Using the entries below, output exactly the line containing "using eventually_ge_at_top[of 1]" and all lines that follow it to the end.

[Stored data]
※ ※ ※

(* Let $r\in\mathbb{N}$ and let $G$ be a countable graph with infinitely many connected components. Then $\mathrm{Rd}_r(G)\ge 1/r$.
   Context: $K_{\mathbb{N}}$ is the complete graph on $\mathbb{N}=\{1,2,\dots\}$; a copy of $G$ is a subgraph of $K_\mathbb{N}$ isomorphic to $G$, monochromatic if all its edges have the same color. $\overline{d}(V)=\limsup_{t\to\infty}|V\cap\{1,\dots,t\}|/t$. For an $r$-coloring $\varphi$ of the edges of $K_\mathbb{N}$, $\mathrm{Rd}_\varphi(G)$ is the supremum of upper densities of monochromatic copies of $G$; $\mathrm{Rd}_r(G)=\inf_\varphi \mathrm{Rd}_\varphi(G)$ over all $r$-colorings. *)

theory Defs
  imports "HOL-Analysis.Analysis"
begin

definition simple_graph :: "'a set \<Rightarrow> 'a set set \<Rightarrow> bool" where
  "simple_graph V E \<longleftrightarrow> E \<subseteq> {{u, v} | u v. u \<in> V \<and> v \<in> V \<and> u \<noteq> v}"

definition reach :: "'a set \<Rightarrow> 'a set set \<Rightarrow> 'a \<Rightarrow> 'a \<Rightarrow> bool" where
  "reach V E = (\<lambda>u v. u \<in> V \<and> v \<in> V \<and> {u, v} \<in> E)\<^sup>*\<^sup>*"

definition components :: "'a set \<Rightarrow> 'a set set \<Rightarrow> 'a set set" where
  "components V E = {{w \<in> V. reach V E v w} | v. v \<in> V}"

definition KN_edges :: "nat set set" where
  "KN_edges = {{x, y} | x y. 1 \<le> x \<and> 1 \<le> y \<and> x \<noteq> y}"

text \<open>An r-colouring of the edges of \<open>K_\<nat>\<close> (values on non-edges are irrelevant).\<close>
definition coloring :: "nat \<Rightarrow> (nat set \<Rightarrow> nat) \<Rightarrow> bool" where
  "coloring r \<phi> \<longleftrightarrow> (\<forall>e \<in> KN_edges. \<phi> e < r)"

definition is_copy :: "'a set \<Rightarrow> 'a set set \<Rightarrow> nat set \<Rightarrow> nat set set \<Rightarrow> bool" where
  "is_copy V E W F \<longleftrightarrow> W \<subseteq> {1..} \<and> F \<subseteq> KN_edges \<and> (\<forall>e \<in> F. e \<subseteq> W) \<and>
     (\<exists>f. bij_betw f V W \<and> (\<forall>u \<in> V. \<forall>v \<in> V. {u, v} \<in> E \<longleftrightarrow> {f u, f v} \<in> F))"

definition monochromatic :: "(nat set \<Rightarrow> nat) \<Rightarrow> nat set set \<Rightarrow> bool" where
  "monochromatic \<phi> F \<longleftrightarrow> (\<exists>c. \<forall>e \<in> F. \<phi> e = c)"

definition upper_density :: "nat set \<Rightarrow> ereal" where
  "upper_density W = limsup (\<lambda>t. ereal (real (card (W \<inter> {1..t})) / real t))"

definition Rd_col :: "(nat set \<Rightarrow> nat) \<Rightarrow> 'a set \<Rightarrow> 'a set set \<Rightarrow> ereal" where
  "Rd_col \<phi> V E = Sup {upper_density W | W F. is_copy V E W F \<and> monochromatic \<phi> F}"

definition Rd :: "nat \<Rightarrow> 'a set \<Rightarrow> 'a set set \<Rightarrow> ereal" where
  "Rd r V E = Inf {Rd_col \<phi> V E | \<phi>. coloring r \<phi>}"

end

theory Submission
  imports Defs "HOL-Library.Ramsey" "HOL-Library.Nat_Bijection"
begin

text \<open>By Ramsey's theorem all but finitely many \<open>n \<ge> 1\<close> lie in an infinite
  monochromatic clique, so for some colour \<open>c\<close> the set \<open>T\<close> of vertices of infinite \<open>c\<close>-cliques has
  upper density at least \<open>1/r\<close>. Because \<open>G\<close> has infinitely many components, \<open>G\<close> can be embedded
  with its image containing \<open>T\<close>: the components are placed in an interleaved greedy fashion, each
  with its root at the least unused element of \<open>T\<close> and its other vertices inside an infinite
  \<open>c\<close>-clique through that root, so every component is mapped monochromatically.\<close>

lemma upper_density_mono:
  assumes "A \<subseteq> B"
  shows "upper_density A \<le> upper_density B"
  unfolding upper_density_def
proof (intro Limsup_mono always_eventually allI)
  fix t
  have "card (A \<inter> {1..t}) \<le> card (B \<inter> {1..t})"
    using assms by (intro card_mono) auto
  then show "ereal (card (A \<inter> {1..t}) / t) \<le> ereal (card (B \<inter> {1..t}) / t)"
    by (simp add: divide_right_mono)
qed

lemma upper_density_Un:
  "upper_density (A \<union> B) \<le> upper_density A + upper_density B"
proof -
  let ?d = "\<lambda>(S :: nat set) (t :: nat). ereal (card (S \<inter> {1..t}) / t)"
  have "upper_density (A \<union> B) \<le> limsup (\<lambda>t. ?d A t + ?d B t)"
    unfolding upper_density_def
  proof (intro Limsup_mono always_eventually allI)
    fix t
    have "card ((A \<union> B) \<inter> {1..t}) \<le> card (A \<inter> {1..t}) + card (B \<inter> {1..t})"
      by (metis Int_Un_distrib2 card_Un_le)
    then have "real (card ((A \<union> B) \<inter> {1..t})) / t \<le> (card (A \<inter> {1..t}) + card (B \<inter> {1..t})) / t"
      by (intro divide_right_mono) auto
    then show "?d (A \<union> B) t \<le> ?d A t + ?d B t"
      by (simp add: add_divide_distrib)
  qed
  also have "\<dots> \<le> upper_density A + upper_density B"
    unfolding upper_density_def by (rule ereal_limsup_add_mono)
  finally show ?thesis .
qed

lemma upper_density_finite:
  assumes "finite A"
  shows "upper_density A = 0"
proof -
  have "(\<lambda>t. real (card (A \<inter> {1..t})) / t) \<longlonglongrightarrow> 0"
  proof (rule real_tendsto_sandwich)
    show "\<forall>\<^sub>F t in sequentially. 0 \<le> real (card (A \<inter> {1..t})) / t"
      by simp
    show "\<forall>\<^sub>F t in sequentially. real (card (A \<inter> {1..t})) / t \<le> card A / t"
      using assms by (intro always_eventually allI divide_right_mono) (auto intro: card_mono)
    show "(\<lambda>t. real (card A) / t) \<longlonglongrightarrow> 0"
      by (rule lim_const_over_n)
  qed auto
  then show ?thesis
    unfolding upper_density_def zero_ereal_def
    by (intro lim_imp_Limsup) (auto intro: tendsto_intros)
qed

lemma upper_density_UN:
  assumes "finite I"
  shows "upper_density (\<Union>i\<in>I. A i) \<le> (\<Sum>i\<in>I. upper_density (A i))"
  using assms
proof (induction I rule: finite_induct)
  case empty
  then show ?case by (simp add: upper_density_finite)
next
  case (insert i I)
  have "upper_density (\<Union>j\<in>insert i I. A j) \<le> upper_density (A i) + upper_density (\<Union>j\<in>I. A j)"
    by (simp add: upper_density_Un)
  also have "\<dots> \<le> upper_density (A i) + (\<Sum>j\<in>I. upper_density (A j))"
    using insert.IH by (rule add_left_mono)
  finally show ?case
    using insert.hyps by simp
qed

lemma upper_density_atLeast_1: "upper_density {1..} = 1"
proof -
  have "\<forall>\<^sub>F t in sequentially. ereal (card ({1..} \<inter> {1..t}) / t) = 1"
    using eventually_ge_at_top[of 1] by eventually_elim simp
  then have "(\<lambda>t. ereal (card ({1..} \<inter> {1..t}) / t)) \<longlonglongrightarrow> 1"
    by (rule tendsto_eventually)
  then show ?thesis
    unfolding upper_density_def by (rule lim_imp_Limsup[OF trivial_limit_sequentially])
qed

※ ※ ※

_SOLUTION TO THIS PROBLEM_.
    using eventually_ge_at_top[of 1] by eventually_elim simp
  then have "(\<lambda>t. ereal (card ({1..} \<inter> {1..t}) / t)) \<longlonglongrightarrow> 1"
    by (rule tendsto_eventually)
  then show ?thesis
    unfolding upper_density_def by (rule lim_imp_Limsup[OF trivial_limit_sequentially])
qed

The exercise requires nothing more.